We also received invaluable assistance from our sister enforcement agency in Germany in our investigation of and ultimate challenge to the proposed acquisition of General Motor's Allison Transmission Division by ZF Friedrichshafen, a German firm. The merger was investigated by the German Cartel Office as well. This merger presented the first in which the Division alleged concerns over the effects of the proposed transaction on competition in an innovation market and signals the Division's commitment to protect competition in research and development, which is vitally important in the global, high-tech marketplace.
A major enforcement action involving intellectual property that had international implications was the case against Pilkington. We challenged that British company's use of unreasonably restrictive intellectual property licensing arrangements to prevent U.S. companies from competing internationally for the construction of glass manufacturing plants. The proposed consent decree will prohibit Pilkington from improperly using its intellectual property rights and would allow U.S. firms to compete for over 50 glass plants that are expected to be built around the world. We estimate that this could result in an increase in U.S. export revenues of anywhere from $150 million to $1.25 billion over the next six years.

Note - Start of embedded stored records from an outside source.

(* Let $\overline{\Phi}\subseteq\Phi$ be a rank $2$ root subsystem with dihedral reflection group $\overline W\subseteq W$, and let $w\in W$, written uniquely as $w=\lfloor w\rfloor\,\overline w$ with $\overline w\in\overline W$, where $\lfloor w\rfloor$ is the minimal element of the coset $w\overline W$. Under the bijection $\overline W\to w\overline W$, $\overline v\mapsto\lfloor w\rfloor\overline v$, every edge of the graph on $w\overline W$ induced from $\mathrm{QB}(W)$ corresponds to an edge of $\mathrm{QB}(\overline W)$. In other words, if $w\xrightarrow{\alpha}ws_\alpha$ is an edge of $\mathrm{QB}(W)$ with $\alpha\in\overline{\Phi}^+$, then $\overline w\xrightarrow{\alpha}\overline w s_\alpha$ is an edge of $\mathrm{QB}(\overline W)$.
   Context: $\Phi$ is an irreducible (finite, crystallographic) root system with positive roots $\Phi^+$, simple roots, Weyl group $W$ and length function $\ell$; for $\alpha\in\Phi$, $\alpha^\vee=2\alpha/\langle\alpha,\alpha\rangle$ and $\mathrm{ht}(\alpha^\vee)$ is the sum of the coefficients of $\alpha^\vee$ in the basis of simple coroots. The quantum Bruhat graph $\mathrm{QB}(W)$ is the directed graph on $W$ with an edge $v\xrightarrow{\alpha}vs_\alpha$ ($\alpha\in\Phi^+$) whenever $\ell(vs_\alpha)=\ell(v)+1$ or $\ell(vs_\alpha)=\ell(v)-2\mathrm{ht}(\alpha^\vee)+1$. A rank 2 root subsystem is a subset $\overline\Phi\subseteq\Phi$ which is itself a root system of rank 2; $\overline\Phi^+:=\overline\Phi\cap\Phi^+$ with its own simple roots, $\overline W$ is the group generated by $s_\alpha$, $\alpha\in\overline\Phi$, viewed as a dihedral reflection group with its own length function $\overline\ell$ (w.r.t. the simple reflections of $\overline\Phi$) and coroot heights computed in $\overline\Phi^\vee$; $\mathrm{QB}(\overline W)$ is defined by the same rule using $\overline\Phi^+$, $\overline\ell$ and these heights. On a coset $w\overline W$ consider the partial order generated by the relations $v<vs_\alpha$ for $v\in w\overline W$, $\alpha\in\overline\Phi$, $\ell(vs_\alpha)>\ell(v)$; by a result of Brenti–Fomin–Postnikov this order has a unique minimal element $\lfloor w\rfloor$, and $\overline v\mapsto\lfloor w\rfloor\overline v$ is an isomorphism of posets from $\overline W$ (Bruhat order) to $w\overline W$. *)

theory Defs
  imports "HOL-Analysis.Analysis"
begin

definition coroot :: "'a::euclidean_space \<Rightarrow> 'a" where
  "coroot \<alpha> = (2 / (\<alpha> \<bullet> \<alpha>)) *\<^sub>R \<alpha>"

definition refl :: "'a::euclidean_space \<Rightarrow> 'a \<Rightarrow> 'a" where
  "refl \<alpha> x = x - (x \<bullet> coroot \<alpha>) *\<^sub>R \<alpha>"

text \<open>(Finite, reduced, crystallographic) root system in its span.\<close>
definition root_system :: "'a::euclidean_space set \<Rightarrow> bool" where
  "root_system \<Phi> \<longleftrightarrow> finite \<Phi> \<and> \<Phi> \<noteq> {} \<and> 0 \<notin> \<Phi>
     \<and> (\<forall>\<alpha>\<in>\<Phi>. refl \<alpha> ` \<Phi> = \<Phi>)
     \<and> (\<forall>\<alpha>\<in>\<Phi>. \<forall>\<beta>\<in>\<Phi>. \<beta> \<bullet> coroot \<alpha> \<in> \<int>)
     \<and> (\<forall>\<alpha>\<in>\<Phi>. \<forall>c::real. c *\<^sub>R \<alpha> \<in> \<Phi> \<longrightarrow> c = 1 \<or> c = -1)"

definition irreducible_rs :: "'a::euclidean_space set \<Rightarrow> bool" where
  "irreducible_rs \<Phi> \<longleftrightarrow> \<not> (\<exists>A B. A \<noteq> {} \<and> B \<noteq> {} \<and> A \<union> B = \<Phi> \<and> A \<inter> B = {}
        \<and> (\<forall>a\<in>A. \<forall>b\<in>B. a \<bullet> b = 0))"

definition rank_rs :: "'a::euclidean_space set \<Rightarrow> nat" where
  "rank_rs \<Phi> = dim (span \<Phi>)"

text \<open>A positive system is determined by a regular vector \<xi> (no root orthogonal to it).\<close>
definition regular :: "'a::euclidean_space set \<Rightarrow> 'a \<Rightarrow> bool" where
  "regular \<Phi> \<xi> \<longleftrightarrow> (\<forall>\<alpha>\<in>\<Phi>. \<xi> \<bullet> \<alpha> \<noteq> 0)"

definition pos :: "'a::euclidean_space set \<Rightarrow> 'a \<Rightarrow> 'a set" where
  "pos \<Phi> \<xi> = {\<alpha>\<in>\<Phi>. \<xi> \<bullet> \<alpha> > 0}"

definition simple :: "'a::euclidean_space set \<Rightarrow> 'a \<Rightarrow> 'a set" where
  "simple \<Phi> \<xi> = {\<alpha>\<in>pos \<Phi> \<xi>. \<not> (\<exists>\<beta>\<in>pos \<Phi> \<xi>. \<exists>\<gamma>\<in>pos \<Phi> \<xi>. \<alpha> = \<beta> + \<gamma>)}"

definition prod_refl :: "'a::euclidean_space list \<Rightarrow> 'a \<Rightarrow> 'a" where
  "prod_refl xs = foldr (\<lambda>\<beta> f. refl \<beta> \<circ> f) xs id"

definition weyl :: "'a::euclidean_space set \<Rightarrow> ('a \<Rightarrow> 'a) set" where
  "weyl \<Phi> = {prod_refl xs | xs. set xs \<subseteq> \<Phi>}"

definition len :: "'a::euclidean_space set \<Rightarrow> 'a \<Rightarrow> ('a \<Rightarrow> 'a) \<Rightarrow> nat" where
  "len \<Phi> \<xi> w = (LEAST n. \<exists>xs. length xs = n \<and> set xs \<subseteq> simple \<Phi> \<xi> \<and> w = prod_refl xs)"

definition cht :: "'a::euclidean_space set \<Rightarrow> 'a \<Rightarrow> 'a \<Rightarrow> real" where
  "cht \<Phi> \<xi> \<alpha> = (THE h. \<exists>c. coroot \<alpha> = (\<Sum>\<beta>\<in>simple \<Phi> \<xi>. c \<beta> *\<^sub>R coroot \<beta>)
                          \<and> h = (\<Sum>\<beta>\<in>simple \<Phi> \<xi>. c \<beta>))"

definition qb_edge :: "'a::euclidean_space set \<Rightarrow> 'a \<Rightarrow> ('a \<Rightarrow> 'a) \<Rightarrow> 'a \<Rightarrow> bool" where
  "qb_edge \<Phi> \<xi> v \<alpha> \<longleftrightarrow> v \<in> weyl \<Phi> \<and> \<alpha> \<in> pos \<Phi> \<xi> \<and>
     (len \<Phi> \<xi> (v \<circ> refl \<alpha>) = len \<Phi> \<xi> v + 1 \<or>
      real (len \<Phi> \<xi> (v \<circ> refl \<alpha>)) = real (len \<Phi> \<xi> v) - 2 * cht \<Phi> \<xi> \<alpha> + 1)"

definition wcoset :: "('a \<Rightarrow> 'a) \<Rightarrow> ('a \<Rightarrow> 'a) set \<Rightarrow> ('a \<Rightarrow> 'a) set" where
  "wcoset w H = {w \<circ> x | x. x \<in> H}"

definition coset_rel :: "'a::euclidean_space set \<Rightarrow> 'a set \<Rightarrow> 'a \<Rightarrow> ('a \<Rightarrow> 'a)
     \<Rightarrow> (('a \<Rightarrow> 'a) \<times> ('a \<Rightarrow> 'a)) set" where
  "coset_rel \<Phi> \<Phi>b \<xi> w = {(v, v \<circ> refl \<alpha>) | v \<alpha>. v \<in> wcoset w (weyl \<Phi>b) \<and> \<alpha> \<in> \<Phi>b
        \<and> len \<Phi> \<xi> (v \<circ> refl \<alpha>) > len \<Phi> \<xi> v}"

These enforcement actions represent the type of cases that more and more will occupy the enforcement attention of the Division and of the FTC. Antitrust policy for the 21st Century must cope with the challenges that accompany a global, high-tech economy. The new International Guidelines, the International Cooperation Act, the new Intellectual Property Guidelines, and our experience in investigating and successfully resolving these important cases, are important first steps toward meeting those challenges. I am immensely proud of these steps. I have tremendous faith that when the 21st Century officially arrives, just a little over five years from now, it will be nothing new to the professional women and men of the Antitrust Division.